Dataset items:
(* Let $k\ge2$, $\alpha_1,\dots,\alpha_k\in[0,2\pi)$ and let $n_1,\dots,n_k$ be positive integers with $n_i\ne n_{i+1}$ for every $i\in\{1,\dots,k-1\}$. Then there exists $\phi\in[0,2\pi)$ such that $$V\big(\cos(\alpha_1+\phi n_1),\dots,\cos(\alpha_k+\phi n_k)\big)\ \ge\ \frac{k-1}{8}.$$
   Context: For real numbers $r_1,\dots,r_k$, $V(r_1,\dots,r_k):=|\{i\in\{1,\dots,k-1\}:r_ir_{i+1}<0\}|$ is the number of sign variations. *)

theory Defs
  imports Complex_Main
begin

definition sign_variations :: "real list \<Rightarrow> nat" where
  "sign_variations rs = card {i. i + 1 < length rs \<and> rs ! i * rs ! (i + 1) < 0}"

end

theory Submission
  imports Defs "HOL-Analysis.Continuum_Not_Denumerable"
begin

text \<open>
  Sample \<open>\<phi>\<close> on the grid \<open>\<phi>\<^sub>0 + 2\<pi>j/N\<close>, \<open>j < N\<close>, where \<open>N = n\<^sub>1\<cdots>n\<^sub>k\<close> and \<open>\<phi>\<^sub>0\<close> avoids the
  countably many zeros of all the cosines. Fix an adjacent pair with \<open>p = n\<^sub>i < q = n\<^sub>i\<^sub>+\<^sub>1\<close>.
  Splitting the grid by residues modulo \<open>N/q\<close>, the second cosine is constant on each class
  while the first runs through \<open>cos (x + 2\<pi>pt/q)\<close>, \<open>t < q\<close>. Over such a progression
  \<open>\<Sum> c = 0\<close> and \<open>\<Sum> c\<^sup>2 = q/2\<close> (unless \<open>2p = q\<close>, when the signs simply alternate), and since
  \<open>[c < 0] \<ge> (c\<^sup>2 - c)/2\<close> for \<open>\<bar>c\<bar> \<le> 1\<close>, at least a quarter of the terms are negative. Hence each
  pair changes sign at \<open>\<ge> N/4\<close> grid points, and some grid point carries at least the
  average \<open>(k - 1)/4\<close> sign variations.
\<close>

lemma sum_cos_arith_progression_eq_0:
  fixes y :: real and d M :: nat
  assumes "0 < M" "\<not> M dvd d"
  shows "(\<Sum>t<M. cos (y + 2*pi*real d*real t/real M)) = 0"
proof -
  define b where "b = pi*real d/real M"
  have "sin b \<noteq> 0"
  proof
    assume "sin b = 0"
    then obtain i :: int where "b = of_int i * pi" using sin_zero_iff_int2 by blast
    then have "real d = of_int i * real M" using assms(1) by (simp add: b_def field_simps)
    then have "int d = i * int M" by (metis of_int_eq_iff of_int_mult of_int_of_nat_eq)
    then show False using assms(2) by (metis dvd_triv_right int_dvd_int_iff)
  qed
  define f where "f t = sin (y + b*(2*real t - 1))" for t :: nat
  \<comment> \<open>product-to-sum: \<open>2 sin b cos z = sin (z + b) - sin (z - b)\<close> makes the sum telescope\<close>
  have step: "2*sin b * cos (y + 2*pi*real d*real t/real M) = f (Suc t) - f t" for t
  proof -
    have e: "2*pi*real d*real t/real M = 2*b*real t" by (simp add: b_def)
    have "f (Suc t) = sin ((y + 2*b*real t) + b)" "f t = sin ((y + 2*b*real t) - b)"
      by (simp_all add: f_def algebra_simps)
    then show ?thesis unfolding e by (simp add: sin_add sin_diff)
  qed
  have "f M = sin ((y - b) + real (2*d) * pi)"
    using assms(1) by (simp add: f_def b_def field_simps)
  then have period: "f M = f 0" by (simp add: f_def sin_add)
  have "2*sin b * (\<Sum>t<M. cos (y + 2*pi*real d*real t/real M)) = f M - f 0"
    by (simp add: sum_distrib_left step sum_lessThan_telescope)
  then show ?thesis using period \<open>sin b \<noteq> 0\<close> by simp
qed

lemma sum_cos_sq_arith_progression:
  fixes y :: real and d M :: nat
  assumes "0 < M" "\<not> M dvd 2*d"
  shows "(\<Sum>t<M. (cos (y + 2*pi*real d*real t/real M))\<^sup>2) = real M / 2"
proof -
  have "(cos (y + 2*pi*real d*real t/real M))\<^sup>2
      = (1 + cos (2*y + 2*pi*real (2*d)*real t/real M)) / 2" for t
  proof -
    have e: "2*y + 2*pi*real (2*d)*real t/real M = 2 * (y + 2*pi*real d*real t/real M)"
      by (simp add: field_simps)
    show ?thesis unfolding e cos_double_cos by simp
  qed
  then have "(\<Sum>t<M. (cos (y + 2*pi*real d*real t/real M))\<^sup>2)
      = (\<Sum>t<M. (1 + cos (2*y + 2*pi*real (2*d)*real t/real M)) / 2)"
    by (rule sum.cong[OF refl])
  also have "\<dots> = (real M + (\<Sum>t<M. cos (2*y + 2*pi*real (2*d)*real t/real M))) / 2"
    by (simp add: sum_divide_distrib[symmetric] sum.distrib)
  also have "\<dots> = real M / 2"
    unfolding sum_cos_arith_progression_eq_0[OF assms] by simp
  finally show ?thesis .
qed

lemma quarter_card_le_sum_negative:
  fixes c :: "'a \<Rightarrow> real"
  assumes "\<And>t. t \<in> A \<Longrightarrow> \<bar>c t\<bar> \<le> 1"
    and "(\<Sum>t\<in>A. c t) = 0" and "(\<Sum>t\<in>A. (c t)\<^sup>2) = real (card A) / 2"
  shows "real (card A) / 4 \<le> (\<Sum>t\<in>A. of_bool (c t < 0))"
proof -
  have "((c t)\<^sup>2 - c t) / 2 \<le> of_bool (c t < 0)" if "t \<in> A" for t
  proof (cases "c t < 0")
    case True
    then show ?thesis using assms(1)[OF that] abs_square_le_1[of "c t"] by simp
  next
    case False
    then have "c t * c t \<le> c t * 1" using assms(1)[OF that] by (intro mult_left_mono) auto
    then show ?thesis using False by (simp add: power2_eq_square)
  qed
  then have "(\<Sum>t\<in>A. ((c t)\<^sup>2 - c t) / 2) \<le> (\<Sum>t\<in>A. of_bool (c t < 0))"
    by (rule sum_mono)
  moreover have "(\<Sum>t\<in>A. ((c t)\<^sup>2 - c t) / 2) = real (card A) / 4"
    by (simp add: sum_divide_distrib[symmetric] sum_subtractf assms(2,3))
  ultimately show ?thesis by simp
qed

lemma sum_alternating_negative:
  fixes c :: real
  assumes "c \<noteq> 0"
  shows "(\<Sum>t<2*p. of_bool ((-1)^t * c < 0) :: real) = real p"
proof (induction p)
  case (Suc p)
  have "of_bool (c < 0) + of_bool (- c < 0) = (1::real)" using assms by auto
  then show ?case using Suc by (simp add: mult_2)
qed simp

lemma quarter_le_count_negative_cos:
  fixes x :: real and p q :: nat
  assumes "0 < p" "p < q" "2*p = q \<Longrightarrow> cos x \<noteq> 0"
  shows "real q / 4 \<le> (\<Sum>t<q. of_bool (cos (x + 2*pi*real p*real t/real q) < 0))"
proof (cases "2*p = q")
  case True
  have "x + 2*pi*real p*real t/real q = x + real t * pi" for t
    using assms(1) by (simp add: field_simps flip: True)
  then have "cos (x + 2*pi*real p*real t/real q) = (-1)^t * cos x" for t
    by (simp add: cos_add)
  then show ?thesis
    using sum_alternating_negative[OF assms(3)[OF True], of p] True by simp
next
  case False
  have "\<not> q dvd p" using assms by (meson nat_dvd_not_less)
  moreover have "\<not> q dvd 2*p"
  proof
    assume "q dvd 2*p"
    then obtain r where r: "2*p = q*r" by (elim dvdE)
    then have "q * r < q * 2" using assms(2) by linarith
    moreover have "0 < r" using r assms(1) by (cases r) auto
    ultimately have "r = 1" by simp
    then show False using r False by simp
  qed
  ultimately show ?thesis
    using assms(2) quarter_card_le_sum_negative[of "{..<q}" "\<lambda>t. cos (x + 2*pi*real p*real t/real q)"]
    by (simp add: sum_cos_arith_progression_eq_0 sum_cos_sq_arith_progression)
qed

lemma sum_lessThan_mult_by_residue:
  fixes h :: "nat \<Rightarrow> 'a::comm_monoid_add"
  shows "(\<Sum>j<q*s. h j) = (\<Sum>u<s. \<Sum>t<q. h (u + s*t))"
proof -
  have "(\<Sum>j<q*s. h j) = (\<Sum>t<q. \<Sum>j\<in>{t*s..<t*s+s}. h j)"
    by (rule sum.nat_group[symmetric])
  also have "\<dots> = (\<Sum>t<q. \<Sum>u<s. h (u + s*t))"
    by (simp add: sum.atLeastLessThan_shift_0 atLeast0LessThan o_def add.commute mult.commute)
  finally show ?thesis by (rule trans) (rule sum.swap)
qed

lemma quarter_le_grid_sign_changes_less:
  fixes a b \<phi>\<^sub>0 :: real and p q N :: nat
  assumes "0 < p" "p < q" "q dvd N"
    and "\<And>j. cos (a + (\<phi>\<^sub>0 + 2*pi*real j/real N) * real p) \<noteq> 0"
    and "\<And>j. cos (b + (\<phi>\<^sub>0 + 2*pi*real j/real N) * real q) \<noteq> 0"
  shows "real N / 4 \<le> (\<Sum>j<N. of_bool (cos (a + (\<phi>\<^sub>0 + 2*pi*real j/real N) * real p) *
                                         cos (b + (\<phi>\<^sub>0 + 2*pi*real j/real N) * real q) < 0))"
proof (cases "N = 0")
  case False
  obtain s where N: "N = q*s" using assms(3) by (elim dvdE)
  have "0 < s" "0 < q" using N False assms(2) by auto
  define H where "H j = (of_bool (cos (a + (\<phi>\<^sub>0 + 2*pi*real j/real N) * real p) *
                                  cos (b + (\<phi>\<^sub>0 + 2*pi*real j/real N) * real q) < 0) :: real)" for j
  have "real q / 4 \<le> (\<Sum>t<q. H (u + s*t))" for u
  proof -
    define X where "X = a + (\<phi>\<^sub>0 + 2*pi*real u/real N) * real p"
    define Y where "Y = b + (\<phi>\<^sub>0 + 2*pi*real u/real N) * real q"
    have "cos X \<noteq> 0" "cos Y \<noteq> 0" using assms(4,5)[of u] by (simp_all add: X_def Y_def)
    have "b + (\<phi>\<^sub>0 + 2*pi*real (u+s*t)/real N) * real q = Y + real (2*t) * pi"
      and "a + (\<phi>\<^sub>0 + 2*pi*real (u+s*t)/real N) * real p = X + 2*pi*real p*real t/real q" for t
      using \<open>0 < s\<close> \<open>0 < q\<close> by (simp_all add: X_def Y_def N field_simps)
    then have H: "H (u + s*t) = of_bool (cos (X + 2*pi*real p*real t/real q) * cos Y < 0)" for t
      by (simp add: H_def cos_add)
    obtain X' where "cos X' \<noteq> 0"
      and H': "\<And>t. H (u + s*t) = of_bool (cos (X' + 2*pi*real p*real t/real q) < 0)"
    proof (cases "0 < cos Y")
      case True
      then show ?thesis using that[of X] \<open>cos X \<noteq> 0\<close> by (simp add: H mult_less_0_iff)
    next
      case False
      have "cos (X + 2*pi*real p*real t/real q) = - cos ((X + pi) + 2*pi*real p*real t/real q)" for t
        by (metis add.commute add.left_commute cos_periodic_pi minus_minus)
      with False \<open>cos Y \<noteq> 0\<close> \<open>cos X \<noteq> 0\<close> show ?thesis
        using that[of "X + pi"] by (simp add: H mult_less_0_iff zero_less_mult_iff)
    qed
    show ?thesis
      unfolding H' by (rule quarter_le_count_negative_cos) (use assms(1,2) \<open>cos X' \<noteq> 0\<close> in auto)
  qed
  then have "(\<Sum>u<s. real q / 4) \<le> (\<Sum>u<s. \<Sum>t<q. H (u + s*t))"
    by (rule sum_mono)
  also have "\<dots> = (\<Sum>j<N. H j)" unfolding N by (rule sum_lessThan_mult_by_residue[symmetric])
  finally show ?thesis by (simp only: H_def) (simp add: N mult.commute)
qed simp

lemma quarter_le_grid_sign_changes:
  fixes a b \<phi>\<^sub>0 :: real and p q N :: nat
  assumes "0 < p" "0 < q" "p \<noteq> q" "p dvd N" "q dvd N"
    and "\<And>j. cos (a + (\<phi>\<^sub>0 + 2*pi*real j/real N) * real p) \<noteq> 0"
    and "\<And>j. cos (b + (\<phi>\<^sub>0 + 2*pi*real j/real N) * real q) \<noteq> 0"
  shows "real N / 4 \<le> (\<Sum>j<N. of_bool (cos (a + (\<phi>\<^sub>0 + 2*pi*real j/real N) * real p) *
                                         cos (b + (\<phi>\<^sub>0 + 2*pi*real j/real N) * real q) < 0))"
proof (cases "p < q")
  case True
  then show ?thesis using quarter_le_grid_sign_changes_less assms by blast
next
  case False
  then have "q < p" using assms(3) by simp
  then show ?thesis
    using quarter_le_grid_sign_changes_less[of q p N b \<phi>\<^sub>0 a] assms by (simp add: mult.commute)
qed

lemma exists_grid_offset_cos_nonzero:
  fixes \<alpha> :: "'i \<Rightarrow> real" and n :: "'i \<Rightarrow> nat" and N :: nat
  assumes "countable I" "0 < N" "\<And>i. i \<in> I \<Longrightarrow> 0 < n i"
  shows "\<exists>\<phi>\<^sub>0\<in>{0<..<2*pi/real N}. \<forall>i\<in>I. \<forall>j.
           cos (\<alpha> i + (\<phi>\<^sub>0 + 2*pi*real j/real N) * real (n i)) \<noteq> 0"
proof -
  define B where "B = (\<lambda>(i, j, z). (of_int z * (pi/2) - \<alpha> i) / real (n i) - 2*pi*real j/real N) `
                        (I \<times> (UNIV :: nat set) \<times> (UNIV :: int set))"
  have "countable B" using assms(1) by (simp add: B_def)
  moreover have "0 < 2*pi/real N" using assms(2) by simp
  ultimately obtain \<phi>\<^sub>0 where \<phi>\<^sub>0: "\<phi>\<^sub>0 \<in> {0<..<2*pi/real N}" "\<phi>\<^sub>0 \<notin> B"
    using real_interval_avoid_countable_set by blast
  have "cos (\<alpha> i + (\<phi>\<^sub>0 + 2*pi*real j/real N) * real (n i)) \<noteq> 0" if "i \<in> I" for i j
  proof
    assume "cos (\<alpha> i + (\<phi>\<^sub>0 + 2*pi*real j/real N) * real (n i)) = 0"
    then obtain z where "\<alpha> i + (\<phi>\<^sub>0 + 2*pi*real j/real N) * real (n i) = of_int z * (pi/2)"
      using cos_zero_iff_int by blast
    then have "\<phi>\<^sub>0 = (of_int z * (pi/2) - \<alpha> i) / real (n i) - 2*pi*real j/real N"
      using assms(3)[OF that] by (simp add: field_simps)
    then have "\<phi>\<^sub>0 \<in> B" unfolding B_def using that by (intro image_eqI[where x = "(i, j, z)"]) auto
    then show False using \<phi>\<^sub>0(2) by simp
  qed
  then show ?thesis using \<phi>\<^sub>0(1) by blast
qed

lemma exists_ge_average:
  fixes V :: "nat \<Rightarrow> real"
  assumes "0 < N" "real N * c \<le> (\<Sum>j<N. V j)"
  shows "\<exists>j<N. c \<le> V j"
proof (rule ccontr)
  assume "\<not> ?thesis"
  then have "(\<Sum>j<N. V j) < (\<Sum>j<N. c)" using assms(1) by (intro sum_strict_mono) auto
  then show False using assms(2) by simp
qed

lemma sign_variations_map_upt:
  "real (sign_variations (map f [1..<k+1])) = (\<Sum>i<k-1. of_bool (f (i+1) * f (i+2) < 0))"
proof -
  have "{i. i + 1 < length (map f [1..<k+1]) \<and> map f [1..<k+1] ! i * map f [1..<k+1] ! (i+1) < 0}
      = {..<k-1} \<inter> {i. f (i+1) * f (i+2) < 0}"
    by (auto simp: nth_upt add.commute simp del: upt_Suc)
  then show ?thesis by (simp add: sign_variations_def sum_of_bool_eq)
qed

theorem lemma5p5:
  fixes k :: nat and \<alpha> :: "nat \<Rightarrow> real" and n :: "nat \<Rightarrow> nat"
  assumes "k \<ge> 2"
    and "\<And>i. 1 \<le> i \<Longrightarrow> i \<le> k \<Longrightarrow> 0 \<le> \<alpha> i \<and> \<alpha> i < 2 * pi"
    and "\<And>i. 1 \<le> i \<Longrightarrow> i \<le> k \<Longrightarrow> n i > 0"
    and "\<And>i. 1 \<le> i \<Longrightarrow> i \<le> k - 1 \<Longrightarrow> n i \<noteq> n (i + 1)"
  shows "\<exists>\<phi>. 0 \<le> \<phi> \<and> \<phi> < 2 * pi \<and>
    real (sign_variations (map (\<lambda>i. cos (\<alpha> i + \<phi> * real (n i))) [1..<k+1])) \<ge> (real k - 1) / 8"
proof -
  define N where "N = (\<Prod>i=1..k. n i)"
  have "0 < N" using assms(3) by (simp add: N_def prod_pos)
  have dvd: "n i dvd N" if "i \<in> {1..k}" for i using that by (simp add: N_def dvd_prodI)
  obtain \<phi>\<^sub>0 where \<phi>\<^sub>0: "0 < \<phi>\<^sub>0" "\<phi>\<^sub>0 < 2*pi/real N"
    and nz: "\<And>i j. i \<in> {1..k} \<Longrightarrow> cos (\<alpha> i + (\<phi>\<^sub>0 + 2*pi*real j/real N) * real (n i)) \<noteq> 0"
    using exists_grid_offset_cos_nonzero[of "{1..k}" N n \<alpha>] \<open>0 < N\<close> assms(3) by auto
  define V where "V j = real (sign_variations
    (map (\<lambda>i. cos (\<alpha> i + (\<phi>\<^sub>0 + 2*pi*real j/real N) * real (n i))) [1..<k+1]))" for j
  have "(\<Sum>i<k-1. real N / 4) \<le> (\<Sum>i<k-1. \<Sum>j<N. of_bool (
          cos (\<alpha> (i+1) + (\<phi>\<^sub>0 + 2*pi*real j/real N) * real (n (i+1))) *
          cos (\<alpha> (i+2) + (\<phi>\<^sub>0 + 2*pi*real j/real N) * real (n (i+2))) < 0))"
    using assms(3,4) by (intro sum_mono quarter_le_grid_sign_changes dvd nz) auto
  also have "\<dots> = (\<Sum>j<N. V j)" unfolding V_def sign_variations_map_upt by (rule sum.swap)
  finally have "real N * ((real k - 1) / 4) \<le> (\<Sum>j<N. V j)"
    using assms(1) by (simp add: of_nat_diff mult.commute)
  then obtain j where "j < N" and j: "(real k - 1) / 4 \<le> V j"
    using exists_ge_average \<open>0 < N\<close> by blast
  have "\<phi>\<^sub>0 + 2*pi*real j/real N < 2*pi*(real j + 1)/real N"
    using \<phi>\<^sub>0(2) by (simp add: add_divide_distrib algebra_simps)
  also have "\<dots> \<le> 2*pi*real N/real N"
    using \<open>j < N\<close> by (intro divide_right_mono mult_left_mono) auto
  also have "\<dots> = 2*pi" using \<open>0 < N\<close> by simp
  finally show ?thesis using \<phi>\<^sub>0(1) j assms(1) unfolding V_def
    by (intro exI[of _ "\<phi>\<^sub>0 + 2*pi*real j/real N"]) auto
qed

end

INSTRUCTIONS FOR THE TASK →
Set down verbatim only the lines between the start of the data above and the line with "text \<open>", both boundaries included.

RESPONSE BELOW →
(* Let $k\ge2$, $\alpha_1,\dots,\alpha_k\in[0,2\pi)$ and let $n_1,\dots,n_k$ be positive integers with $n_i\ne n_{i+1}$ for every $i\in\{1,\dots,k-1\}$. Then there exists $\phi\in[0,2\pi)$ such that $$V\big(\cos(\alpha_1+\phi n_1),\dots,\cos(\alpha_k+\phi n_k)\big)\ \ge\ \frac{k-1}{8}.$$
   Context: For real numbers $r_1,\dots,r_k$, $V(r_1,\dots,r_k):=|\{i\in\{1,\dots,k-1\}:r_ir_{i+1}<0\}|$ is the number of sign variations. *)

theory Defs
  imports Complex_Main
begin

definition sign_variations :: "real list \<Rightarrow> nat" where
  "sign_variations rs = card {i. i + 1 < length rs \<and> rs ! i * rs ! (i + 1) < 0}"

end

theory Submission
  imports Defs "HOL-Analysis.Continuum_Not_Denumerable"
begin

text \<open>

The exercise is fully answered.